About this task:
Among the entries below, extract exactly the lines that run from the one with "mtl \<Rightarrow> 'p" through the one with "rule \<Rightarrow> 'p", both ends included.

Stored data
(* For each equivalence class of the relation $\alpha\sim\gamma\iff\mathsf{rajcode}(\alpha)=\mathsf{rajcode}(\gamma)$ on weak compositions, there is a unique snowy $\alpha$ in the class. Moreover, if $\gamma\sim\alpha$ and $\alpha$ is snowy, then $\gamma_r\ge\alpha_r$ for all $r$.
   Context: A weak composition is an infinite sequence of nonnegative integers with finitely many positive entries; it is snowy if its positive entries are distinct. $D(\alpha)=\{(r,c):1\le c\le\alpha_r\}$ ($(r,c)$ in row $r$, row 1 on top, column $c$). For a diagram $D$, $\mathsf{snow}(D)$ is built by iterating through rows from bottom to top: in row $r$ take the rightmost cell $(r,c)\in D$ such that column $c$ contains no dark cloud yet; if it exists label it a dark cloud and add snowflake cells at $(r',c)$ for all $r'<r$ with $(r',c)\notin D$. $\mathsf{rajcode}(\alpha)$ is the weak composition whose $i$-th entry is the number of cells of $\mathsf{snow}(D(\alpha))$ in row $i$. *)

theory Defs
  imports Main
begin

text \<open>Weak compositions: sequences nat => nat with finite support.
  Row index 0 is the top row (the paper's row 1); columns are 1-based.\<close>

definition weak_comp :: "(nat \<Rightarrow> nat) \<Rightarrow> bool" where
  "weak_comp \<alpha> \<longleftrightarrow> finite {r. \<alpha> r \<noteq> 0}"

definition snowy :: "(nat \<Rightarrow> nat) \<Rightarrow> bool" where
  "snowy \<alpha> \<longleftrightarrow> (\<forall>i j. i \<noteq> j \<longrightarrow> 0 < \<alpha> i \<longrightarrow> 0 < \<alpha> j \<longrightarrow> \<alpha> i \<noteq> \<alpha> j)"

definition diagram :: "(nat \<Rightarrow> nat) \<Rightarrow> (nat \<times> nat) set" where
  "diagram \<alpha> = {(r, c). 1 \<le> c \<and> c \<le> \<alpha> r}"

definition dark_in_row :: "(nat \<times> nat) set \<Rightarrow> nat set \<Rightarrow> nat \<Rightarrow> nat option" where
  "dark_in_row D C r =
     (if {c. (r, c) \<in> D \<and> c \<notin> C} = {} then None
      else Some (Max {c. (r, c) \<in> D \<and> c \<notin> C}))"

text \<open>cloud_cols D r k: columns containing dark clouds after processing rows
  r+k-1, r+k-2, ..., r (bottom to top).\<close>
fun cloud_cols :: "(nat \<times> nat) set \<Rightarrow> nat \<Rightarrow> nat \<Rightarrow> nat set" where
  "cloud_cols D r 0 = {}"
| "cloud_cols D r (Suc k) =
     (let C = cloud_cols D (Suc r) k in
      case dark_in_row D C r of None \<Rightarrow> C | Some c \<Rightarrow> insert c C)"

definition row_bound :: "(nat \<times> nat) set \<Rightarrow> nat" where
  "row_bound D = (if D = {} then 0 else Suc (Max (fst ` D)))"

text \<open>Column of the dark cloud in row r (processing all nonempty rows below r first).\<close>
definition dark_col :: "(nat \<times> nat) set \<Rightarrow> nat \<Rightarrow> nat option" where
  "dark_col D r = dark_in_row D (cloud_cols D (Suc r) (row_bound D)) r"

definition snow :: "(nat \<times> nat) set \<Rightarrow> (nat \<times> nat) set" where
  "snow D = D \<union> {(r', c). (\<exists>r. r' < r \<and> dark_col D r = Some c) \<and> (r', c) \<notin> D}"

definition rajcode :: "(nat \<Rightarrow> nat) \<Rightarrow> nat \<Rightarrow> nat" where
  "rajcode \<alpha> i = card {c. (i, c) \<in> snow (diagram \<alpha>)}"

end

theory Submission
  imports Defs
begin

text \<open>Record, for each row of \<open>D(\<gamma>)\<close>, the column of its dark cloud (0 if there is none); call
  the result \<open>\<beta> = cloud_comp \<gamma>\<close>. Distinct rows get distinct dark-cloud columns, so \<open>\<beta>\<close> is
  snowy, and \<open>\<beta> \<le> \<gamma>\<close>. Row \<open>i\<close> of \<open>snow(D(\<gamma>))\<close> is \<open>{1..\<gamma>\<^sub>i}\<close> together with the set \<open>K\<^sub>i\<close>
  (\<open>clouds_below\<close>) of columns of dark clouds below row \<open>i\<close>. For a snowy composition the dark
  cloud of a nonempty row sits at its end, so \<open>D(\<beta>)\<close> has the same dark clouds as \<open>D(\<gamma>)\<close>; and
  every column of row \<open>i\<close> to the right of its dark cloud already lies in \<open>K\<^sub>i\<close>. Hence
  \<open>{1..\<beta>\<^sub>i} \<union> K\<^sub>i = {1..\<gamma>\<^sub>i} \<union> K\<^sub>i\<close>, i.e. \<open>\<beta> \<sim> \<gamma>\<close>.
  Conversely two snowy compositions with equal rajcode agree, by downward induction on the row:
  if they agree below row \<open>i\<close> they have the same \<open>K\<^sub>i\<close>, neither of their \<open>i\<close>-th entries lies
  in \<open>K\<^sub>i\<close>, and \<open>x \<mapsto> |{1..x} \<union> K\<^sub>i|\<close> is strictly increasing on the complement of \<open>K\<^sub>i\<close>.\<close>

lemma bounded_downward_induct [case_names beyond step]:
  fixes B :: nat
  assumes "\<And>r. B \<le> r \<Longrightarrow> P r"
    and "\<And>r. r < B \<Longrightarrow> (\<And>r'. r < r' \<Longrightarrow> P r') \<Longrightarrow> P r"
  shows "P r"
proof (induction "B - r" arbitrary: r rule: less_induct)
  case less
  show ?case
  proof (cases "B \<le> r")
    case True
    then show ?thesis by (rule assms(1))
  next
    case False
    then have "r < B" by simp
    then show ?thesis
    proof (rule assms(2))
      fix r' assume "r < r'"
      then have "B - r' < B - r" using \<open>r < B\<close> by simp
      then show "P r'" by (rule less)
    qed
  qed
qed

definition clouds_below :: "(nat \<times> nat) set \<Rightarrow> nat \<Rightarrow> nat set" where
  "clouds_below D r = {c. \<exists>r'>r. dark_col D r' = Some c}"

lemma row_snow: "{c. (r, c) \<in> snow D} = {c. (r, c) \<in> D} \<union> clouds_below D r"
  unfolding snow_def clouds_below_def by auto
...
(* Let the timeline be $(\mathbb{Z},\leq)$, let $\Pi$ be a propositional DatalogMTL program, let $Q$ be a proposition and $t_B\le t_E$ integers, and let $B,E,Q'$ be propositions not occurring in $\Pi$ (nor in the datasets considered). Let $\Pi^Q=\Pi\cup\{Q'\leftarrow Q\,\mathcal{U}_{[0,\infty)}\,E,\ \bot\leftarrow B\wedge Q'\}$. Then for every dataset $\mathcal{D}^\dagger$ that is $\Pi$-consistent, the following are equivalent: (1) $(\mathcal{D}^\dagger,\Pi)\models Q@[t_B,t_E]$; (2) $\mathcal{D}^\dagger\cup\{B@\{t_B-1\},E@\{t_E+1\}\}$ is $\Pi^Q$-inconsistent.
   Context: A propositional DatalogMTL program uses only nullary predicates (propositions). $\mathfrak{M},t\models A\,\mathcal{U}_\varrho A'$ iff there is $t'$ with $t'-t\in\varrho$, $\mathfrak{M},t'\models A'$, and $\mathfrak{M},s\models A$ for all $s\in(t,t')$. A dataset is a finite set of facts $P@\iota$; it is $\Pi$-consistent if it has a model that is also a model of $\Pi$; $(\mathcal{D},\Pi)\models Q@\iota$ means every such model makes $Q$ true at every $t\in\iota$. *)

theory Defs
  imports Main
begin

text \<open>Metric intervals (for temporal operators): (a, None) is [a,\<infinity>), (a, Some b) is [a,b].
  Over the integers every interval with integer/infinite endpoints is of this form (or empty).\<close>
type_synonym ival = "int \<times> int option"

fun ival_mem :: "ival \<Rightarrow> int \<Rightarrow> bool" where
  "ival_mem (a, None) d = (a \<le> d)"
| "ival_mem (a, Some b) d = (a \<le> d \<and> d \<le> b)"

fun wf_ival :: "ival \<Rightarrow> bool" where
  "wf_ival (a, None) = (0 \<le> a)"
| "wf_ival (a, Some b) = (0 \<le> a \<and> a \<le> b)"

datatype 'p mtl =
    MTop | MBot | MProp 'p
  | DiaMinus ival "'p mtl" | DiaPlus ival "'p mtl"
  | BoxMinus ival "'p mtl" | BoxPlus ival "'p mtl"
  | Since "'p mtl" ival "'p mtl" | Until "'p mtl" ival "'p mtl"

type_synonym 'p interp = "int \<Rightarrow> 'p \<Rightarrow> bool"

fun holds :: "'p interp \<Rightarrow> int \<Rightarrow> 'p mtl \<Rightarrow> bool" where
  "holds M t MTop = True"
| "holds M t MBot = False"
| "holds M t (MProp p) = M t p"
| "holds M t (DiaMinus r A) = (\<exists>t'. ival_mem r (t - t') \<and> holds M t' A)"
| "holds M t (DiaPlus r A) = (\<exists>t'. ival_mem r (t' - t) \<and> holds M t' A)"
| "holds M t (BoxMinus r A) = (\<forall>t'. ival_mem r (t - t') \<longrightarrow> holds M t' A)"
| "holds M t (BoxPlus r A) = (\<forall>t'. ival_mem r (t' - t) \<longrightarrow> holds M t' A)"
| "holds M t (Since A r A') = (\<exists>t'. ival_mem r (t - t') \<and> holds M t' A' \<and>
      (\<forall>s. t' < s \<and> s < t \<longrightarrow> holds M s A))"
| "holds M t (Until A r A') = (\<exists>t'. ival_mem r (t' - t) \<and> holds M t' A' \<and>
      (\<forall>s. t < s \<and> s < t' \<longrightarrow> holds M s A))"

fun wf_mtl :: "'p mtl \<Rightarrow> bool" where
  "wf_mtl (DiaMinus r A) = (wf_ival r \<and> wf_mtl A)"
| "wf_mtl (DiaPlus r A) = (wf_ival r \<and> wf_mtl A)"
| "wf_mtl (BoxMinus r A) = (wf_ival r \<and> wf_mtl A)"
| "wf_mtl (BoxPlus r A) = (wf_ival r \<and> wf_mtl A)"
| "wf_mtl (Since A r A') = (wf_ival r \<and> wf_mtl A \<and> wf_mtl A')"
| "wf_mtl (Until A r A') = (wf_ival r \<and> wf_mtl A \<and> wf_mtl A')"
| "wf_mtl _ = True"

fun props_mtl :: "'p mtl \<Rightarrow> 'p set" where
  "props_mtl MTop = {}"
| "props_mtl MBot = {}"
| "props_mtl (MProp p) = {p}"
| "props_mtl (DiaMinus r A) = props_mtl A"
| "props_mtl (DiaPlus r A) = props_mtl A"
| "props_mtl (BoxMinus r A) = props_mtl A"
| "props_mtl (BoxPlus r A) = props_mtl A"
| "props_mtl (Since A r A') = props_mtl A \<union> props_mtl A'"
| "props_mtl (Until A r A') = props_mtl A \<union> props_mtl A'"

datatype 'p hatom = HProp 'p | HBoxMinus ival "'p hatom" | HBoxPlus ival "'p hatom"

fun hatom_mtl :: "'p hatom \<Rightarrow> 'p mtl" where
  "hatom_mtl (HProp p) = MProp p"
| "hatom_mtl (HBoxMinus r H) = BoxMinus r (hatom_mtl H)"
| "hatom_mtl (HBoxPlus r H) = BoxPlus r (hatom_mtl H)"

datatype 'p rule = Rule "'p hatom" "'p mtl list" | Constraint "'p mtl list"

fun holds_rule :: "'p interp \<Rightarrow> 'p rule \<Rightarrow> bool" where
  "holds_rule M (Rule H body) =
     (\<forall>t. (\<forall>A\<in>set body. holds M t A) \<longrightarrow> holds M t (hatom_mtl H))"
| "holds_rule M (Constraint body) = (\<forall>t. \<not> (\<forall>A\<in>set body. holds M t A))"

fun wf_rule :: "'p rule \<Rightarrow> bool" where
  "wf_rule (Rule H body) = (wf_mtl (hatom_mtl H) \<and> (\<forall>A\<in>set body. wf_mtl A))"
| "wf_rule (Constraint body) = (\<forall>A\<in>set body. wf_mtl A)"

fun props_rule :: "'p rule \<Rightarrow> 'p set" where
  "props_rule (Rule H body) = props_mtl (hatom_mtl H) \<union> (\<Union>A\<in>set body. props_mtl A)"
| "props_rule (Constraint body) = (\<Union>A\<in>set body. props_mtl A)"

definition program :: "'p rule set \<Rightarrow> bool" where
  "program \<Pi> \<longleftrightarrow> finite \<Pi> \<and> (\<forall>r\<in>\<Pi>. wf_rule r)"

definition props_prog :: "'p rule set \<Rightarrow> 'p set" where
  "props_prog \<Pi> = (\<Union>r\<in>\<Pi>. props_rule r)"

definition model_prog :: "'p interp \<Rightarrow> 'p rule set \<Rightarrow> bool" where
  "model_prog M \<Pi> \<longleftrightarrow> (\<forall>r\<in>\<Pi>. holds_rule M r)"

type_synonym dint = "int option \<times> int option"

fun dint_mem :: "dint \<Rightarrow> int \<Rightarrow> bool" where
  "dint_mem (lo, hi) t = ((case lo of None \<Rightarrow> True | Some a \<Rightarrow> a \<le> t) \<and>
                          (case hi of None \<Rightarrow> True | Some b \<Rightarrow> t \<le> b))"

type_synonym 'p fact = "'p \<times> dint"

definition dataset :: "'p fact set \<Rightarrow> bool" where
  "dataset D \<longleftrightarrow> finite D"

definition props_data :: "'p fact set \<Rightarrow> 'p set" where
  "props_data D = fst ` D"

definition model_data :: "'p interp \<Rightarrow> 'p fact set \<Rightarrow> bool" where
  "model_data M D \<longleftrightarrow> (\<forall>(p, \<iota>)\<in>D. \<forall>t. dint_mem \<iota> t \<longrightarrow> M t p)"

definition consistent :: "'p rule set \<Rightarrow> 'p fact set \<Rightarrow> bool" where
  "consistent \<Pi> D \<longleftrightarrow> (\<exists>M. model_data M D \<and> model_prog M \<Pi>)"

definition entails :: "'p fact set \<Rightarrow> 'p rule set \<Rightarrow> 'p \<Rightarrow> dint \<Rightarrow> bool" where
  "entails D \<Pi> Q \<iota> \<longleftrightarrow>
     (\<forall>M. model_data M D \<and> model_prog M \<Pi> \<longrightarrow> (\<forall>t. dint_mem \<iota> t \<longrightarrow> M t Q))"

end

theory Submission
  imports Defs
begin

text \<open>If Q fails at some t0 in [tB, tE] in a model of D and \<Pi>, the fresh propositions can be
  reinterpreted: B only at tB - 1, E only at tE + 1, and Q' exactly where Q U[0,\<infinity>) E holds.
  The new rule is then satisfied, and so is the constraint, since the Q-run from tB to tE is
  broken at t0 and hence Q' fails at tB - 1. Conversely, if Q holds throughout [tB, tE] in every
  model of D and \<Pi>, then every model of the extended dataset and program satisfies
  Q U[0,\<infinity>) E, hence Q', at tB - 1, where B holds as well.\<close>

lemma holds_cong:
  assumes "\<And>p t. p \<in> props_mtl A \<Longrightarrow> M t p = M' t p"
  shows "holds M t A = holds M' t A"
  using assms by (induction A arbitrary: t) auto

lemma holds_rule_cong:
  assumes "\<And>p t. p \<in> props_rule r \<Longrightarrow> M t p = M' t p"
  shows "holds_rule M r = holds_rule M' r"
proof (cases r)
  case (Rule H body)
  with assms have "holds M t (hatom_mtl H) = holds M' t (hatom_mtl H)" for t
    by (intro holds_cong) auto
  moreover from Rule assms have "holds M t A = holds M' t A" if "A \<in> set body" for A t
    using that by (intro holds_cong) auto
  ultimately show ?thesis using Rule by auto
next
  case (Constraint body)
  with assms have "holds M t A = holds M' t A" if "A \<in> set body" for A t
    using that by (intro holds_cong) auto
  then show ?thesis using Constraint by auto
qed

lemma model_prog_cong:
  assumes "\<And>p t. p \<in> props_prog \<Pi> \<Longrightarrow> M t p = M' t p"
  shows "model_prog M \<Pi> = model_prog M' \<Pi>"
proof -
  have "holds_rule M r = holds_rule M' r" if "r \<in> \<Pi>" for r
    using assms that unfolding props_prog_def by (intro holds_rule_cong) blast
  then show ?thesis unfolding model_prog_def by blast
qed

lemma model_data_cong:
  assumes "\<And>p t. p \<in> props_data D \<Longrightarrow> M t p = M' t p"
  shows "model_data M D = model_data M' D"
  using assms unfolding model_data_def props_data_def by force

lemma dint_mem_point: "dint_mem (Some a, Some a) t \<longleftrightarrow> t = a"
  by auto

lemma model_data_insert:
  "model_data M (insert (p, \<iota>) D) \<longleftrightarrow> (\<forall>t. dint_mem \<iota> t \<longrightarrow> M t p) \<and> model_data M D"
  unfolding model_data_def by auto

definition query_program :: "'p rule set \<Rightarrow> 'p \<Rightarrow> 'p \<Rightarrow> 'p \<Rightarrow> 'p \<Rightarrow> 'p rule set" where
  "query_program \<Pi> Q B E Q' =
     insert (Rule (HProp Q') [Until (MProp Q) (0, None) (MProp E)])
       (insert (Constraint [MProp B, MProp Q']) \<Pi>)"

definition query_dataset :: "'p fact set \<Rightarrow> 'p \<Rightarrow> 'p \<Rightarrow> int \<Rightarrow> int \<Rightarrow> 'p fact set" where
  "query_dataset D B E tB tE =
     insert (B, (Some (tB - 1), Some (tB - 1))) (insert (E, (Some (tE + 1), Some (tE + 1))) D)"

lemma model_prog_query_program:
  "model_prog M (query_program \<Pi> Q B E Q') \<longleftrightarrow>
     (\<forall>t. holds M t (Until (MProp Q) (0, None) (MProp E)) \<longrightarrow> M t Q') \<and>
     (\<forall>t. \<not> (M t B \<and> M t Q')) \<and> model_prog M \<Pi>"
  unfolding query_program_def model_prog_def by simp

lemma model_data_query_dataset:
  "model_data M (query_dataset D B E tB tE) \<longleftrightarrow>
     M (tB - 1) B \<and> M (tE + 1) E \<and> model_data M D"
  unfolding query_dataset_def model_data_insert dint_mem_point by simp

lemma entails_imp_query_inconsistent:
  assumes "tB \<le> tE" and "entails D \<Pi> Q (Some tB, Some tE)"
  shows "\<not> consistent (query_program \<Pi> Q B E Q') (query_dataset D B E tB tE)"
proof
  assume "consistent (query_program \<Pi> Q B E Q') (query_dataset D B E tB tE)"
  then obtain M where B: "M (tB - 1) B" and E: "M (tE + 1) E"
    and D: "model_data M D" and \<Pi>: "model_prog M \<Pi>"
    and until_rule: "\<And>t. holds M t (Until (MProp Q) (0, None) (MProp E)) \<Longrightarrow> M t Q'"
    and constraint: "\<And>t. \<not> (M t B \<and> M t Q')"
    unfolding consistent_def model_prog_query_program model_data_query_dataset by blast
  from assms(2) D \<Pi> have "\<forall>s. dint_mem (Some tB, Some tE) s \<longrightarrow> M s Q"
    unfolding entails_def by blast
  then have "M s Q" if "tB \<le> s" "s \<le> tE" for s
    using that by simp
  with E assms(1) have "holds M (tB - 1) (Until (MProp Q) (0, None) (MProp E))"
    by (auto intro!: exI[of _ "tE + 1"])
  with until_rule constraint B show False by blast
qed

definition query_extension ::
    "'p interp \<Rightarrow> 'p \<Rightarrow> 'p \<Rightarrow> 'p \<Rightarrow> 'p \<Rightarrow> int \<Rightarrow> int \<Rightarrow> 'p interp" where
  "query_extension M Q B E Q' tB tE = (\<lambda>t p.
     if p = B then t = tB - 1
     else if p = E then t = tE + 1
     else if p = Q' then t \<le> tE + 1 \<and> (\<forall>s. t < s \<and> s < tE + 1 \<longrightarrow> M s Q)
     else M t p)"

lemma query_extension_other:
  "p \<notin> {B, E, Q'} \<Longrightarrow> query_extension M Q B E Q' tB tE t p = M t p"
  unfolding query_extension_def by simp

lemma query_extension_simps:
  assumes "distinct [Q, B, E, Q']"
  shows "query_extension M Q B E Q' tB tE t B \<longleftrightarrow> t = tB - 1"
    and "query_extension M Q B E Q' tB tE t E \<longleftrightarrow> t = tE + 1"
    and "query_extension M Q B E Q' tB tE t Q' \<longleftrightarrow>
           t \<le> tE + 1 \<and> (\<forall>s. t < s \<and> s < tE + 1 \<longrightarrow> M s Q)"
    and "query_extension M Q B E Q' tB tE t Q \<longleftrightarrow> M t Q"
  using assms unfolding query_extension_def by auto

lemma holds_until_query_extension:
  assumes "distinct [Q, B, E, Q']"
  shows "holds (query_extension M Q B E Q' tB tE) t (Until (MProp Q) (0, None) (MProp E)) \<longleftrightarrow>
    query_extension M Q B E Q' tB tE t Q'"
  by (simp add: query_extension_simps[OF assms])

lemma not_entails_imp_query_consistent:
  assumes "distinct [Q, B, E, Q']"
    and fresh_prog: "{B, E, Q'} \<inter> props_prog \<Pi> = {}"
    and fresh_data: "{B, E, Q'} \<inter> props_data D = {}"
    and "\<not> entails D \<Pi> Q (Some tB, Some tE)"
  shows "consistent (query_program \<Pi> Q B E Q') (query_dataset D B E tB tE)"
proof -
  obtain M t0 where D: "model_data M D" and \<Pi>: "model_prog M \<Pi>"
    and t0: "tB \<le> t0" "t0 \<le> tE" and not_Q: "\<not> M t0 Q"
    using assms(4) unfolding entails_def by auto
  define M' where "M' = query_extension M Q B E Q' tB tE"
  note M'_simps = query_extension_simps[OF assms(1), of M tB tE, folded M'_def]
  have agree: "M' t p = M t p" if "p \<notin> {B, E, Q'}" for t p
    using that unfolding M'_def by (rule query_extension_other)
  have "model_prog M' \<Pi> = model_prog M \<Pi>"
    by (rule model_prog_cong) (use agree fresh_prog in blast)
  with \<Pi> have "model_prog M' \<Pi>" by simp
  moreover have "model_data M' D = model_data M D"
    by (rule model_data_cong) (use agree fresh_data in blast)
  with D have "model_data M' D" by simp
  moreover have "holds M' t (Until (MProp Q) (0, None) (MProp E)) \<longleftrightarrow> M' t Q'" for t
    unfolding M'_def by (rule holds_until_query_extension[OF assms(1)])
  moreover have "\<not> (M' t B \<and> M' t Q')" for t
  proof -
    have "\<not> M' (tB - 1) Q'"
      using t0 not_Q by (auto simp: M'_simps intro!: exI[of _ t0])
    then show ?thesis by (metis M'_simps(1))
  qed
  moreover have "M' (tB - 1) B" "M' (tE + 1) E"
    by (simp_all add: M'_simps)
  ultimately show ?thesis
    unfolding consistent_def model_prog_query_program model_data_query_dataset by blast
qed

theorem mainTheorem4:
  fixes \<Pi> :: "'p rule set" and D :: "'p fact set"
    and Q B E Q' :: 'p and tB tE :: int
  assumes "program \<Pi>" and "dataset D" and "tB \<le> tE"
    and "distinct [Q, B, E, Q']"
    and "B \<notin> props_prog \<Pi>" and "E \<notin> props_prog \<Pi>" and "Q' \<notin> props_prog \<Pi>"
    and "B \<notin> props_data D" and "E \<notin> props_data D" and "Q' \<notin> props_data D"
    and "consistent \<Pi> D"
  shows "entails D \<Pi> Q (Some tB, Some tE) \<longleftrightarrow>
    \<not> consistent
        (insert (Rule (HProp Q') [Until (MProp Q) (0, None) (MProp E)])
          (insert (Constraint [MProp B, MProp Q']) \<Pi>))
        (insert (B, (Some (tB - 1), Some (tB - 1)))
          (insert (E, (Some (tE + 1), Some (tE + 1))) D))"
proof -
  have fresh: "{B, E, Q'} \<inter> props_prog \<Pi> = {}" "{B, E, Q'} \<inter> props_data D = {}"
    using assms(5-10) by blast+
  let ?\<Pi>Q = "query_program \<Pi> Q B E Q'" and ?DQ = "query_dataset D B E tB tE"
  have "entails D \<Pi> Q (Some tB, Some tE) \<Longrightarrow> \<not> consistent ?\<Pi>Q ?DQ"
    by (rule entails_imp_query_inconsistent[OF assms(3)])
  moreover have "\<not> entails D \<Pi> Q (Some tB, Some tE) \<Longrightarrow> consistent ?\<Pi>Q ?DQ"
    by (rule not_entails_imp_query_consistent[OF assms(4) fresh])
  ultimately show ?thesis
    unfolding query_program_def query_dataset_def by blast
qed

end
...
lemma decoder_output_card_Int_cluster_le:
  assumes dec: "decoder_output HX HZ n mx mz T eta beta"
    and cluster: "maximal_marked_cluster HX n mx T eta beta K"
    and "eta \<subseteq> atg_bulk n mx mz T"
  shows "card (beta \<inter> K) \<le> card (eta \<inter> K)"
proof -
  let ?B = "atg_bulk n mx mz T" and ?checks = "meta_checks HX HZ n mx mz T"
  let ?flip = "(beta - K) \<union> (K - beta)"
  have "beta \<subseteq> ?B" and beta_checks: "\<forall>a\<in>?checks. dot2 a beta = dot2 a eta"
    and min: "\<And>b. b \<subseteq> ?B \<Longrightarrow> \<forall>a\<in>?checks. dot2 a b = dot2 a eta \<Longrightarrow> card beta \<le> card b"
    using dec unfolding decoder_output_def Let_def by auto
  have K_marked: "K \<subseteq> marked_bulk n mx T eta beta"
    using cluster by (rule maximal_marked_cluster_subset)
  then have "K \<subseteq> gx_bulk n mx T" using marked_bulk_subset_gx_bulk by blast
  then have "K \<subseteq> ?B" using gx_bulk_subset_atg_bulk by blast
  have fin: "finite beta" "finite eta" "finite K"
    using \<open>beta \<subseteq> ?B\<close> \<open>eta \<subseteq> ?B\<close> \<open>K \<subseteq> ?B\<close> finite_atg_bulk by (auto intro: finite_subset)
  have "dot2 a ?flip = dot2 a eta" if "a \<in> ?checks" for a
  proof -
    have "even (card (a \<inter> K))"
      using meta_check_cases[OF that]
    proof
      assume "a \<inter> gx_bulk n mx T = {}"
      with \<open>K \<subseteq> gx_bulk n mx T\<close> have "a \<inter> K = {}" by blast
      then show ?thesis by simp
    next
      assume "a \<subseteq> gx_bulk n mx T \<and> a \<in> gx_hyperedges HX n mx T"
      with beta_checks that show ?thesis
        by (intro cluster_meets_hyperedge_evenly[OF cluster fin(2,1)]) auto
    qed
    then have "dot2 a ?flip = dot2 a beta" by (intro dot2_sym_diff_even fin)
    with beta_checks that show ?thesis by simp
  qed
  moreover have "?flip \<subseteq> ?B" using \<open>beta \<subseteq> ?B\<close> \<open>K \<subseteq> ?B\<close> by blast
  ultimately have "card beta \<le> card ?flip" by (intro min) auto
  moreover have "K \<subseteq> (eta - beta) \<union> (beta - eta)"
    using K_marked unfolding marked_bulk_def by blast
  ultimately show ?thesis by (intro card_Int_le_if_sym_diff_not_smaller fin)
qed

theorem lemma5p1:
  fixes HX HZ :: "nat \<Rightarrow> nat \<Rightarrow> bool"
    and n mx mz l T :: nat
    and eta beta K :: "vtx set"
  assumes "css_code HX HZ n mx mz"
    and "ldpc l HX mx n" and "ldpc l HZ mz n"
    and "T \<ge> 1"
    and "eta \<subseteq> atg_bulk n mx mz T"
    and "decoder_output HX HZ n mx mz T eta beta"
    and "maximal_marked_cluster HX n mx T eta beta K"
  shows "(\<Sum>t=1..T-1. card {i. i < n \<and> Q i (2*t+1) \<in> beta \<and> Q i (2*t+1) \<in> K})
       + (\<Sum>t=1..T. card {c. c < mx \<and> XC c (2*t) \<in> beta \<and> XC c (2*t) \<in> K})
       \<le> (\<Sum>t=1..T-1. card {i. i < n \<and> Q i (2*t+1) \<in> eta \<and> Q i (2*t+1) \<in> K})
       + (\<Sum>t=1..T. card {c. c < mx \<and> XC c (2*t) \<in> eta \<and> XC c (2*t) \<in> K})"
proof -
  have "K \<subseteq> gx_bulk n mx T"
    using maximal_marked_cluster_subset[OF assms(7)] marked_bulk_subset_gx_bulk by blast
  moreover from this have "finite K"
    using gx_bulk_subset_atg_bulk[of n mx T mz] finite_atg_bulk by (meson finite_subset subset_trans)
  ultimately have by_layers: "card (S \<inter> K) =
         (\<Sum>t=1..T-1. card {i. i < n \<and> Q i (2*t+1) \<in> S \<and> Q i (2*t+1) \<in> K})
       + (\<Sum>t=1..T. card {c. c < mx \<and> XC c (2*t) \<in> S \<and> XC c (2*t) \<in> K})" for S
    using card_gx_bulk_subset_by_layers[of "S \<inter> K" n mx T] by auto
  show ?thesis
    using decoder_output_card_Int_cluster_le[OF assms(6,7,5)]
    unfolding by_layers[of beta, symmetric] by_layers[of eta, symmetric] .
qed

Answer box:
fun props_mtl :: "'p mtl \<Rightarrow> 'p set" where
  "props_mtl MTop = {}"
| "props_mtl MBot = {}"
| "props_mtl (MProp p) = {p}"
| "props_mtl (DiaMinus r A) = props_mtl A"
| "props_mtl (DiaPlus r A) = props_mtl A"
| "props_mtl (BoxMinus r A) = props_mtl A"
| "props_mtl (BoxPlus r A) = props_mtl A"
| "props_mtl (Since A r A') = props_mtl A \<union> props_mtl A'"
| "props_mtl (Until A r A') = props_mtl A \<union> props_mtl A'"

datatype 'p hatom = HProp 'p | HBoxMinus ival "'p hatom" | HBoxPlus ival "'p hatom"

fun hatom_mtl :: "'p hatom \<Rightarrow> 'p mtl" where
  "hatom_mtl (HProp p) = MProp p"
| "hatom_mtl (HBoxMinus r H) = BoxMinus r (hatom_mtl H)"
| "hatom_mtl (HBoxPlus r H) = BoxPlus r (hatom_mtl H)"

datatype 'p rule = Rule "'p hatom" "'p mtl list" | Constraint "'p mtl list"

fun holds_rule :: "'p interp \<Rightarrow> 'p rule \<Rightarrow> bool" where
  "holds_rule M (Rule H body) =
     (\<forall>t. (\<forall>A\<in>set body. holds M t A) \<longrightarrow> holds M t (hatom_mtl H))"
| "holds_rule M (Constraint body) = (\<forall>t. \<not> (\<forall>A\<in>set body. holds M t A))"

fun wf_rule :: "'p rule \<Rightarrow> bool" where
  "wf_rule (Rule H body) = (wf_mtl (hatom_mtl H) \<and> (\<forall>A\<in>set body. wf_mtl A))"
| "wf_rule (Constraint body) = (\<forall>A\<in>set body. wf_mtl A)"

fun props_rule :: "'p rule \<Rightarrow> 'p set" where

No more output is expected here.